lemma scaled_nn_integral_W_gain_le:
  fixes \<phi> h :: "'a::euclidean_space \<Rightarrow> real"
  assumes A: "countable A" and K_antimono: "\<And>p q. 0 < p \<Longrightarrow> p \<le> q \<Longrightarrow> K q \<le> K p"
    and \<phi>_meas: "\<phi> \<in> borel_measurable borel" and \<phi>_nonneg: "\<And>y. 0 \<le> \<phi> y"
    and h_meas: "h \<in> borel_measurable borel"
    and C: "\<And>x. (\<integral>\<^sup>+z. ennreal (\<phi> z * K (dist x z)) \<partial>lborel) \<le> ennreal C"
    and nonneg: "0 \<le> C" "0 \<le> c" and h_lower: "\<And>y. c * C * \<phi> y \<le> h y"
  shows "ennreal c * (\<integral>\<^sup>+x. W_gain h \<phi> K A x \<partial>lborel)
    \<le> ennreal c * (\<integral>\<^sup>+x. ennreal (h x) \<partial>lborel) + pair_h h A"
proof -
  have "ennreal c * (ennreal C * (\<Sum>\<^sub>\<infinity>y\<in>A. ennreal (\<phi> y)))
      = (\<Sum>\<^sub>\<infinity>y\<in>A. ennreal c * (ennreal C * ennreal (\<phi> y)))"
    by (simp add: infsum_cmult_right_ennreal)
  also have "\<dots> = (\<Sum>\<^sub>\<infinity>y\<in>A. ennreal (c * C * \<phi> y))"
    using nonneg \<phi>_nonneg by (intro infsum_cong) (simp add: ennreal_mult mult.assoc)
  also have "\<dots> \<le> pair_h h A"
    unfolding pair_h_def using h_lower by (intro infsum_mono ennreal_leI) simp_all
  finally have "ennreal c * (ennreal C * (\<Sum>\<^sub>\<infinity>y\<in>A. ennreal (\<phi> y))) \<le> pair_h h A" .
  moreover have "ennreal c * (\<integral>\<^sup>+x. W_gain h \<phi> K A x \<partial>lborel)
      \<le> ennreal c * ((\<integral>\<^sup>+x. ennreal (h x) \<partial>lborel) + ennreal C * (\<Sum>\<^sub>\<infinity>y\<in>A. ennreal (\<phi> y)))"
    using nn_integral_W_gain_le[OF A K_antimono \<phi>_meas \<phi>_nonneg h_meas C] by (rule mult_left_mono) simp_all
  ultimately show ?thesis
    by (simp add: distrib_left add_left_mono order_trans)
qed

lemma integral_Wfun_insert_le:
  fixes b \<phi> h :: "'a::euclidean_space \<Rightarrow> real" and K :: "real \<Rightarrow> real"
  defines "F \<equiv> \<lambda>\<xi>. enn2real (Wfun h \<phi> K \<xi>)"
  assumes \<eta>: "countable \<eta>" and W: "Wfun h \<phi> K \<eta> < \<infinity>" and gain: "\<And>x. W_gain h \<phi> K \<eta> x < \<infinity>"
    and b_meas: "b \<in> borel_measurable lborel" and b: "\<And>x. 0 \<le> b x" "\<And>x. b x \<le> c"
    and K_antimono: "\<And>p q. 0 < p \<Longrightarrow> p \<le> q \<Longrightarrow> K q \<le> K p"
    and \<phi>_meas: "\<phi> \<in> borel_measurable borel" and \<phi>_nonneg: "\<And>y. 0 \<le> \<phi> y"
    and h_meas: "h \<in> borel_measurable borel" and h_int: "(\<integral>\<^sup>+x. ennreal (h x) \<partial>lborel) < \<infinity>"
    and C: "\<And>x. (\<integral>\<^sup>+z. ennreal (\<phi> z * K (dist x z)) \<partial>lborel) \<le> ennreal C" "0 \<le> C"
    and h_lower: "\<And>y. c * C * \<phi> y \<le> h y"
  shows "integrable lborel (\<lambda>x. b x * (F (insert x \<eta>) - F \<eta>))"
    and "0 \<le> (\<integral>x. b x * (F (insert x \<eta>) - F \<eta>) \<partial>lborel)"
    and "(\<integral>x. b x * (F (insert x \<eta>) - F \<eta>) \<partial>lborel)
      \<le> c * enn2real (\<integral>\<^sup>+x. ennreal (h x) \<partial>lborel) + F \<eta>"
proof -
  define u where "u x = (if x \<in> \<eta> then 0 else enn2real (W_gain h \<phi> K \<eta> x))" for x
  have u_eq: "F (insert x \<eta>) - F \<eta> = u x" for x
    using W gain[of x] Wfun_insert[of x \<eta> h \<phi> K]
    by (cases "x \<in> \<eta>") (simp_all add: F_def u_def insert_absorb enn2real_plus)
  have gain_meas: "W_gain h \<phi> K \<eta> \<in> borel_measurable lborel"
    by (rule borel_measurable_W_gain[OF \<eta> K_antimono \<phi>_meas h_meas])
  have "\<eta> \<in> sets lborel"
    using countable_imp_null_set_lborel[OF \<eta>] by (simp add: null_sets_def)
  then have u_meas: "u \<in> borel_measurable lborel"
    unfolding u_def[abs_def] using gain_meas by (intro measurable_If_set) auto
  have u: "0 \<le> u x" "ennreal (u x) \<le> W_gain h \<phi> K \<eta> x" for x
    using gain[of x] by (simp_all add: u_def)
  have c: "0 \<le> c"
    using b order_trans by blast
  have bound: "ennreal c * (\<integral>\<^sup>+x. W_gain h \<phi> K \<eta> x \<partial>lborel)
      \<le> ennreal c * (\<integral>\<^sup>+x. ennreal (h x) \<partial>lborel) + pair_h h \<eta>"
    using \<eta> K_antimono \<phi>_meas \<phi>_nonneg h_meas C c h_lower by (rule scaled_nn_integral_W_gain_le)
  have fin: "ennreal c * (\<integral>\<^sup>+x. ennreal (h x) \<partial>lborel) + pair_h h \<eta> < \<infinity>"
    using h_int W by (simp add: Wfun_def ennreal_mult_less_top)
  note int = integral_mult_bounded_le[OF b_meas u_meas b u gain_meas le_less_trans[OF bound fin]]
  show "integrable lborel (\<lambda>x. b x * (F (insert x \<eta>) - F \<eta>))"
    "0 \<le> (\<integral>x. b x * (F (insert x \<eta>) - F \<eta>) \<partial>lborel)"
    using int(1,2) by (simp_all add: u_eq)
  have "(\<integral>x. b x * u x \<partial>lborel) \<le> enn2real (ennreal c * (\<integral>\<^sup>+x. W_gain h \<phi> K \<eta> x \<partial>lborel))"
    by (rule int(3))
  also have "\<dots> \<le> enn2real (ennreal c * (\<integral>\<^sup>+x. ennreal (h x) \<partial>lborel) + pair_h h \<eta>)"
    using bound fin by (intro enn2real_mono) auto
  also have "\<dots> \<le> c * enn2real (\<integral>\<^sup>+x. ennreal (h x) \<partial>lborel) + F \<eta>"
    using h_int W c
    by (simp add: F_def Wfun_def enn2real_plus enn2real_mult ennreal_mult_less_top enn2real_mono)
  finally show "(\<integral>x. b x * (F (insert x \<eta>) - F \<eta>) \<partial>lborel)
      \<le> c * enn2real (\<integral>\<^sup>+x. ennreal (h x) \<partial>lborel) + F \<eta>"
    unfolding u_eq .
qed

lemma birth_rate_section:
  fixes b :: "'a::euclidean_space \<Rightarrow> 'a set \<Rightarrow> real"
  assumes b_meas: "(\<lambda>(x, \<xi>). b x \<xi>) \<in> borel_measurable (lborel \<Otimes>\<^sub>M GammaG_M \<epsilon>)"
    and b_nonneg: "\<And>x \<xi>. \<xi> \<in> GammaG \<epsilon> \<Longrightarrow> b x \<xi> \<ge> 0"
    and b_bdd: "bdd_above ((\<lambda>(x, \<xi>). b x \<xi>) ` (UNIV \<times> GammaG \<epsilon>))"
    and \<eta>: "\<eta> \<in> GammaG \<epsilon>"
  shows "(\<lambda>x. b x \<eta>) \<in> borel_measurable lborel"
    and "0 \<le> b x \<eta>" and "b x \<eta> \<le> (SUP p \<in> UNIV \<times> GammaG \<epsilon>. b (fst p) (snd p))"
proof -
  have "\<eta> \<in> space (GammaG_M \<epsilon>)"
    using \<eta> by (simp add: GammaG_M_def space_measure_of_conv)
  then have "(\<lambda>x. (x, \<eta>)) \<in> measurable lborel (lborel \<Otimes>\<^sub>M GammaG_M \<epsilon>)"
    by (rule measurable_Pair2')
  from measurable_comp[OF this b_meas] show "(\<lambda>x. b x \<eta>) \<in> borel_measurable lborel"
    by (simp add: o_def)
  show "0 \<le> b x \<eta>"
    using b_nonneg[OF \<eta>] .
  have "(\<lambda>(x, \<xi>). b x \<xi>) = (\<lambda>p. b (fst p) (snd p))"
    by auto
  then show "b x \<eta> \<le> (SUP p \<in> UNIV \<times> GammaG \<epsilon>. b (fst p) (snd p))"
    using b_bdd \<eta> by (metis (no_types, lifting) cSUP_upper UNIV_I mem_Sigma_iff fst_conv snd_conv)
qed

lemma Lop_Wfun_bound:
  fixes b :: "'a::euclidean_space \<Rightarrow> 'a set \<Rightarrow> real" and \<phi> h :: "'a \<Rightarrow> real" and K :: "real \<Rightarrow> real"
  defines "F \<equiv> \<lambda>\<xi>. enn2real (Wfun h \<phi> K \<xi>)"
  assumes \<eta>: "countable \<eta>" and W: "Wfun h \<phi> K \<eta> < \<infinity>" and gain: "\<And>x. W_gain h \<phi> K \<eta> x < \<infinity>"
    and b_meas: "(\<lambda>x. b x \<eta>) \<in> borel_measurable lborel" and b: "\<And>x. 0 \<le> b x \<eta>" "\<And>x. b x \<eta> \<le> c"
    and K_antimono: "\<And>p q. 0 < p \<Longrightarrow> p \<le> q \<Longrightarrow> K q \<le> K p"
    and \<phi>_meas: "\<phi> \<in> borel_measurable borel" and \<phi>_nonneg: "\<And>y. 0 \<le> \<phi> y"
    and h_meas: "h \<in> borel_measurable borel" and h_int: "(\<integral>\<^sup>+x. ennreal (h x) \<partial>lborel) < \<infinity>"
    and C: "\<And>x. (\<integral>\<^sup>+z. ennreal (\<phi> z * K (dist x z)) \<partial>lborel) \<le> ennreal C" "0 \<le> C"
    and h_lower: "\<And>y. c * C * \<phi> y \<le> h y"
  shows "Lop_defined b F \<eta>"
    and "\<bar>Lop b F \<eta>\<bar> \<le> c * enn2real (\<integral>\<^sup>+x. ennreal (h x) \<partial>lborel) + 2 * F \<eta>"
proof -
  note removal = has_sum_Wfun_remove[OF W]
  note insertion = integral_Wfun_insert_le[OF \<eta> W gain b_meas b K_antimono \<phi>_meas \<phi>_nonneg h_meas h_int C
      h_lower]
  show "Lop_defined b F \<eta>"
    unfolding Lop_defined_def F_def using removal insertion(1) by (auto simp: summable_on_def)
  have "enn2real (pair_h h \<eta> + 2 * Vfun \<phi> K \<eta>) \<le> 2 * F \<eta>"
    using W by (simp add: F_def Wfun_def enn2real_plus enn2real_mult ennreal_mult_less_top)
  moreover have "0 \<le> c * enn2real (\<integral>\<^sup>+x. ennreal (h x) \<partial>lborel)"
    using order_trans[OF b] by simp
  ultimately show "\<bar>Lop b F \<eta>\<bar> \<le> c * enn2real (\<integral>\<^sup>+x. ennreal (h x) \<partial>lborel) + 2 * F \<eta>"
    unfolding Lop_def F_def infsumI[OF removal] abs_le_iff
    using insertion(2,3) enn2real_nonneg[of "pair_h h \<eta> + 2 * Vfun \<phi> K \<eta>"] enn2real_nonneg[of "Wfun h \<phi> K \<eta>"]
    by linarith
qed

theorem lemma4p6:
  fixes \<epsilon> :: real
    and b :: "'a::euclidean_space \<Rightarrow> 'a set \<Rightarrow> real"
    and K :: "real \<Rightarrow> real"
    and \<phi> h :: "'a \<Rightarrow> real"
    and bb C1 :: real
    and \<eta> :: "'a set"
  assumes eps: "\<epsilon> > 0"
    and b_meas: "(\<lambda>(x, \<xi>). b x \<xi>) \<in> borel_measurable (lborel \<Otimes>\<^sub>M GammaG_M \<epsilon>)"
    and b_nonneg: "\<And>x \<xi>. \<xi> \<in> GammaG \<epsilon> \<Longrightarrow> b x \<xi> \<ge> 0"
    and b_bdd: "bdd_above ((\<lambda>(x, \<xi>). b x \<xi>) ` (UNIV \<times> GammaG \<epsilon>))"
    and bb_def: "bb = (SUP p \<in> UNIV \<times> GammaG \<epsilon>. b (fst p) (snd p))"
    and K_pos: "\<And>q. q > 0 \<Longrightarrow> K q > 0"
    and K_mono: "\<And>p q. 0 < p \<Longrightarrow> p \<le> q \<Longrightarrow> K q \<le> K p"
    and K_lim: "filterlim K at_top (at_right 0)"
    and K_int: "\<And>r. r > 0 \<Longrightarrow>
        (\<integral>\<^sup>+ q. indicator {r..} q * ennreal (K q * q ^ (DIM('a) - 1)) \<partial>lborel) < \<infinity>"
    and phi_meas: "\<phi> \<in> borel_measurable borel"
    and h_meas: "h \<in> borel_measurable borel"
    and phi_pos: "\<And>x. \<phi> x > 0"
    and h_pos: "\<And>x. h x > 0"
    and phi_sep: "\<And>C. compact C \<Longrightarrow> \<exists>c>0. \<forall>x\<in>C. c \<le> \<phi> x"
    and h_sep: "\<And>C. compact C \<Longrightarrow> \<exists>c>0. \<forall>x\<in>C. c \<le> h x"
    and C1_fin: "(SUP x. \<integral>\<^sup>+ y. ennreal (\<phi> y * K (dist x y)) \<partial>lborel) < \<infinity>"
    and C1_def: "C1 = enn2real (SUP x. \<integral>\<^sup>+ y. ennreal (\<phi> y * K (dist x y)) \<partial>lborel)"
    and h_lower: "\<And>x. 2 * C1 * bb * \<phi> x \<le> h x"
    and h_upper: "\<And>x. h x \<le> G_weight \<epsilon> x"
    and eta: "\<eta> \<in> Theta \<epsilon> \<phi> K"
  shows "(\<integral>\<^sup>+ x. ennreal (h x) \<partial>lborel) < \<infinity>
     \<and> Wfun h \<phi> K \<eta> < \<infinity>
     \<and> (AE x in lborel. Wfun h \<phi> K (insert x \<eta>) < \<infinity>)
     \<and> Lop_defined b (\<lambda>\<xi>. enn2real (Wfun h \<phi> K \<xi>)) \<eta>
     \<and> \<bar>Lop b (\<lambda>\<xi>. enn2real (Wfun h \<phi> K \<xi>)) \<eta>\<bar>
         \<le> bb * enn2real (\<integral>\<^sup>+ x. ennreal (h x) \<partial>lborel) + 2 * enn2real (Wfun h \<phi> K \<eta>)"
proof -
  have \<eta>_G: "\<eta> \<in> GammaG \<epsilon>" and V: "Vfun \<phi> K \<eta> < \<infinity>" and lf: "locally_finite_conf \<eta>"
    using eta by (simp_all add: Theta_def GammaG_def)
  have b: "(\<lambda>x. b x \<eta>) \<in> borel_measurable lborel" "0 \<le> b x \<eta>" "b x \<eta> \<le> bb" for x
    using birth_rate_section[OF b_meas b_nonneg b_bdd \<eta>_G] by (simp_all add: bb_def)
  have C1: "(\<integral>\<^sup>+y. ennreal (\<phi> y * K (dist x y)) \<partial>lborel) \<le> ennreal C1" "0 \<le> C1" for x
    using C1_fin unfolding C1_def by (auto intro: SUP_upper)
  have h_lower': "bb * C1 * \<phi> y \<le> h y" for y
  proof -
    have "0 \<le> bb * C1 * \<phi> y"
      using order_trans[OF b(2,3)] C1(2) phi_pos[of y] by simp
    moreover have "2 * C1 * bb * \<phi> y = 2 * (bb * C1 * \<phi> y)"
      by (simp add: mult_ac)
    ultimately show ?thesis
      using h_lower[of y] by linarith
  qed
  have "(\<integral>\<^sup>+x. ennreal (h x) \<partial>lborel) \<le> (\<integral>\<^sup>+x. ennreal (G_weight \<epsilon> (x::'a)) \<partial>lborel)"
    using h_upper by (intro nn_integral_mono ennreal_leI)
  then have h_int: "(\<integral>\<^sup>+x. ennreal (h x) \<partial>lborel) < \<infinity>"
    using nn_integral_G_weight_finite[OF eps] by (rule le_less_trans)
  have W: "Wfun h \<phi> K \<eta> < \<infinity>"
    using eta h_upper by (rule Wfun_finite)
  have gain: "W_gain h \<phi> K \<eta> x < \<infinity>" for x
    using lf V phi_pos K_mono by (rule W_gain_finite)
  have "Wfun h \<phi> K (insert x \<eta>) < \<infinity>" for x
    using W gain[of x] Wfun_insert[of x \<eta> h \<phi> K] by (cases "x \<in> \<eta>") (simp_all add: insert_absorb)
  moreover note Lop_Wfun_bound[where b=b, OF locally_finite_conf_countable[OF lf] W gain b K_mono phi_meas
      less_imp_le[OF phi_pos] h_meas h_int C1 h_lower']
  ultimately show ?thesis
    using h_int W by simp
qed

********

*Exercise instructions*
Go through the records and report each line that contains "ultimately".

*Answer*
  ultimately show ?thesis
  ultimately show "\<bar>Lop b F \<eta>\<bar> \<le> c * enn2real (\<integral>\<^sup>+x. ennreal (h x) \<partial>lborel) + 2 * F \<eta>"
    ultimately show ?thesis
  ultimately show ?thesis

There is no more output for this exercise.